Several open problems about predictive complexity will also be
stated.
[top]
Online learning  Methods and Open Problem
Manfred Warmuth
University of California at Santa Cruz
[download slides (ps.gz)]
An "online" learning algorithm sees the examples one at a time
and incurs a loss on each new example based on its current
hypothesis. This hypothesis is updated online as more examples
are seen. We are given a comparison class of predictors. The loss
of the online algorithm on a sequence of examples is typically
larger than the loss of the best offline predictor in the
comparison class. The goal of the learner is to bound the
additional loss of the online algorithm over the best offline
predictor on an arbitrary sequence of examples. Such bounds are
called "relative loss bounds" and quantify the price of hiding
the future examples from the learner.
We discuss method for deriving online algorithms and for proving
relative loss bounds. No background is required. We will stay at
a high level and discuss directions for future research.
The key tool we use is Bregman divergences. They are used as
loss functions and as measures of "distance" between two members
of the comparison class.
We discuss families of algorithms that are characterized by
different Bregman divergences. The two main families are the
gradient descent and exponentiated gradient family. The former
family includes all the kernel based algorithms and the latter
family is motived by the minimum relative entropy principle (i.e.

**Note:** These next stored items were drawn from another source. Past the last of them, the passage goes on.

lemma sesquilinear_axis_add:
  fixes T :: "'n::finite \<Rightarrow> 'n \<Rightarrow> complex"
  shows "(\<Sum>i\<in>UNIV. \<Sum>m\<in>UNIV. (axis a x + axis b y) $ i * cnj ((axis a x + axis b y) $ m) * T i m)
     = x * cnj x * T a a + x * cnj y * T a b + y * cnj x * T b a + y * cnj y * T b b"
  by (simp add: distrib_left distrib_right sum.distrib sesquilinear_axis)

lemma sesquilinear_eq_0_imp_eq_0:
  fixes T :: "'n::finite \<Rightarrow> 'n \<Rightarrow> complex"
  assumes "\<And>v::complex^'n. (\<Sum>i\<in>UNIV. \<Sum>m\<in>UNIV. v $ i * cnj (v $ m) * T i m) = 0"
  shows "T a b = 0"
proof -
  have diag: "T c c = 0" for c
    using assms[of "axis c 1"] by (simp add: sesquilinear_axis)
  have "T a b + T b a = 0"
    using assms[of "axis a 1 + axis b 1", unfolded sesquilinear_axis_add] by (simp add: diag)
  moreover have "T a b - T b a = 0"
    using assms[of "axis a 1 + axis b \<i>", unfolded sesquilinear_axis_add] by (simp add: diag)
  ultimately have "(T a b + T b a) + (T a b - T b a) = 0"
    by simp
  then show ?thesis
    by simp
qed

section \<open>The metric in a holomorphic chart\<close>

locale hermitian_chart =
  fixes U :: "(complex^'n::finite) set" and h :: "complex^'n \<Rightarrow> complex^'n^'n"
  assumes open_U: "open U" and hermitian_metric: "hermitian_metric_on U h"
begin

abbreviation hinv :: "complex^'n \<Rightarrow> complex^'n^'n" where
  "hinv w \<equiv> matrix_inv (h w)"

abbreviation dh :: "('n + 'n) \<Rightarrow> 'n \<Rightarrow> 'n \<Rightarrow> complex^'n \<Rightarrow> complex" where
  "dh A a b w \<equiv> wirt A (\<lambda>w. h w $ a $ b) w"

lemma smooth_metric_entry: "smooth_on U (\<lambda>w. h w $ i $ j)"
  using hermitian_metric unfolding hermitian_metric_on_def by blast

lemma metric_hermitian: "w \<in> U \<Longrightarrow> h w $ j $ i = cnj (h w $ i $ j)"
  using hermitian_metric unfolding hermitian_metric_on_def by blast

lemma metric_pos_def:
  "w \<in> U \<Longrightarrow> v \<noteq> 0 \<Longrightarrow> Re (\<Sum>i\<in>UNIV. \<Sum>j\<in>UNIV. v $ i * h w $ i $ j * cnj (v $ j)) > 0"
  using hermitian_metric unfolding hermitian_metric_on_def by blast

lemma det_metric_nonzero:
  assumes w: "w \<in> U"
  shows "det (h w) \<noteq> 0"
proof -
  have "y = 0" if "h w *v y = 0" for y
  proof (rule ccontr)
    assume "y \<noteq> 0"
    let ?v = "\<chi> i. cnj (y $ i)"
    have "?v \<noteq> 0"
      using \<open>y \<noteq> 0\<close> by (metis complex_cnj_zero_iff vec_eq_iff vec_lambda_beta zero_index)
    then have pos: "Re (\<Sum>i\<in>UNIV. \<Sum>j\<in>UNIV. ?v $ i * h w $ i $ j * cnj (?v $ j)) > 0"
      using metric_pos_def w by blast
    have "(\<Sum>i\<in>UNIV. \<Sum>j\<in>UNIV. ?v $ i * h w $ i $ j * cnj (?v $ j))
        = (\<Sum>i\<in>UNIV. ?v $ i * (h w *v y) $ i)"
      by (simp add: matrix_vector_mult_def sum_distrib_left mult.assoc)
    also have "\<dots> = 0"
      using that by simp
    finally show False
      using pos by (simp only: zero_complex.sel less_irrefl)
  qed
  then have "inj ((*v) (h w))"
    by (intro injI) (metis matrix_vector_mult_diff_distrib right_minus_eq)
  then show ?thesis
    using det_nz_iff_inj_gen[OF matrix_vector_mul_linear_gen, of "h w"] by simp
qed

lemma hinv_metric:
  assumes "w \<in> U"
  shows "(\<Sum>k\<in>UNIV. hinv w $ q $ k * h w $ k $ m) = (if q = m then 1 else 0)"
proof -
  have "(hinv w ** h w) $ q $ m = mat 1 $ q $ m"
    using matrix_inv_det_nz(2)[OF det_metric_nonzero[OF assms]] by simp
  then show ?thesis
    by (simp add: matrix_matrix_mult_def mat_def)
qed

lemma metric_hinv:
  assumes "w \<in> U"
  shows "(\<Sum>k\<in>UNIV. h w $ q $ k * hinv w $ k $ m) = (if q = m then 1 else 0)"
proof -
  have "(h w ** hinv w) $ q $ m = mat 1 $ q $ m"
    using matrix_inv_det_nz(1)[OF det_metric_nonzero[OF assms]] by simp
  then show ?thesis
    by (simp add: matrix_matrix_mult_def mat_def)
qed

lemma lower_index:
  assumes w: "w \<in> U"
  shows "(\<Sum>k\<in>UNIV. (\<Sum>q\<in>UNIV. a q * hinv w $ q $ k) * h w $ k $ m) = a m"
proof -
  have "(\<Sum>k\<in>UNIV. (\<Sum>q\<in>UNIV. a q * hinv w $ q $ k) * h w $ k $ m)
      = (\<Sum>k\<in>UNIV. \<Sum>q\<in>UNIV. a q * (hinv w $ q $ k * h w $ k $ m))"
    by (simp add: sum_distrib_right mult.assoc)
  also have "\<dots> = (\<Sum>q\<in>UNIV. a q * (\<Sum>k\<in>UNIV. hinv w $ q $ k * h w $ k $ m))"
    by (subst sum.swap) (simp add: sum_distrib_left)
  also have "\<dots> = a m"
    by (simp only: hinv_metric[OF w] sum_mult_delta)
  finally show ?thesis .
qed

definition bigG_inv :: "complex^'n \<Rightarrow> complex^('n + 'n)^('n + 'n)" where
  "bigG_inv w = (\<chi> A B. case (A, B) of
       (Inl k, Inr q) \<Rightarrow> hinv w $ q $ k
     | (Inr q, Inl k) \<Rightarrow> hinv w $ q $ k
     | _ \<Rightarrow> 0)"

information theoretic motivation). We contrast the merits of both
families of algorithm.
[top]
Reinforcement Learning with Many Parameters
Chris Watkins
Royal Holloway, University of London
In my talk, I described a (wellknown) reinforcement learning
algorithm, the "Relative Payoff Process", which can be motivated both
as a simple and biologically feasible learning method, and as a simple
model of evolution. The performance of the RPP was compared to that of
genetic algorithms, and, surprisingly, it emerged that genetic
algorithms have some desirable properties: th expected fitness of the
next generation bred from a selected population is independent of the
population size; the expected fitness of the next generation is
concentrated about the expected value; and there is a better bound on
the improvement in expected fitness in one generation for a genetic
algorithm than for the reinforcement learning algorithm. Hence the
comparison of GAs with a reinforcement learning approach to a similiar
problem revealed that GAs had some advantages.
[top]
Constructive Model Building
Chris Williams
Institute for Adaptive and Neural Computation
Division of Informatics, University of Edinburgh
Much work in statistical modelling consists of
fitting the parameters of a given model to data, and can be carried
out e.g. in a maximum likelihood or Bayesian setting. However, there
is also the question of model structure choice, for example the number
of components in a mixture model or a search over belief network
structures.
In this talk I will give an overview of different
methods that have been used in constructive model building approaches,
where the structure of the model is built up depending on the data. I
have identified three main approaches: (1) constructive learning by
repeated rerepresentation, (2) constructive learning by data merging,
(3) constructive learning as (greedy) search. Examples of models from
these categories will be given.
[top]
SVM and VC Theory (Statistical Learning Theory)
Robert Williamson
Australian National University
I presented a highlevel view of the core insights of statistical
learning theory. Considering as the goal of learning the minimization
of expected risk, I considered three main induction principles for
abstract learning algorithms: ERM (Empirical Risk Minimization), SRM
(Structural Risk Minimization), DSRM (DataDependent SRM). I explained
why convering numbers were the "right" qunatity to consider in
analysing ERM. I explained the difficulties of DSRM and indicated how
the so called luckiness framework was one way to rigorously reason
about DSRM. I also pointed out relationships with the work of Jack
Kieffer, Kylie Minogue and Britney Spears.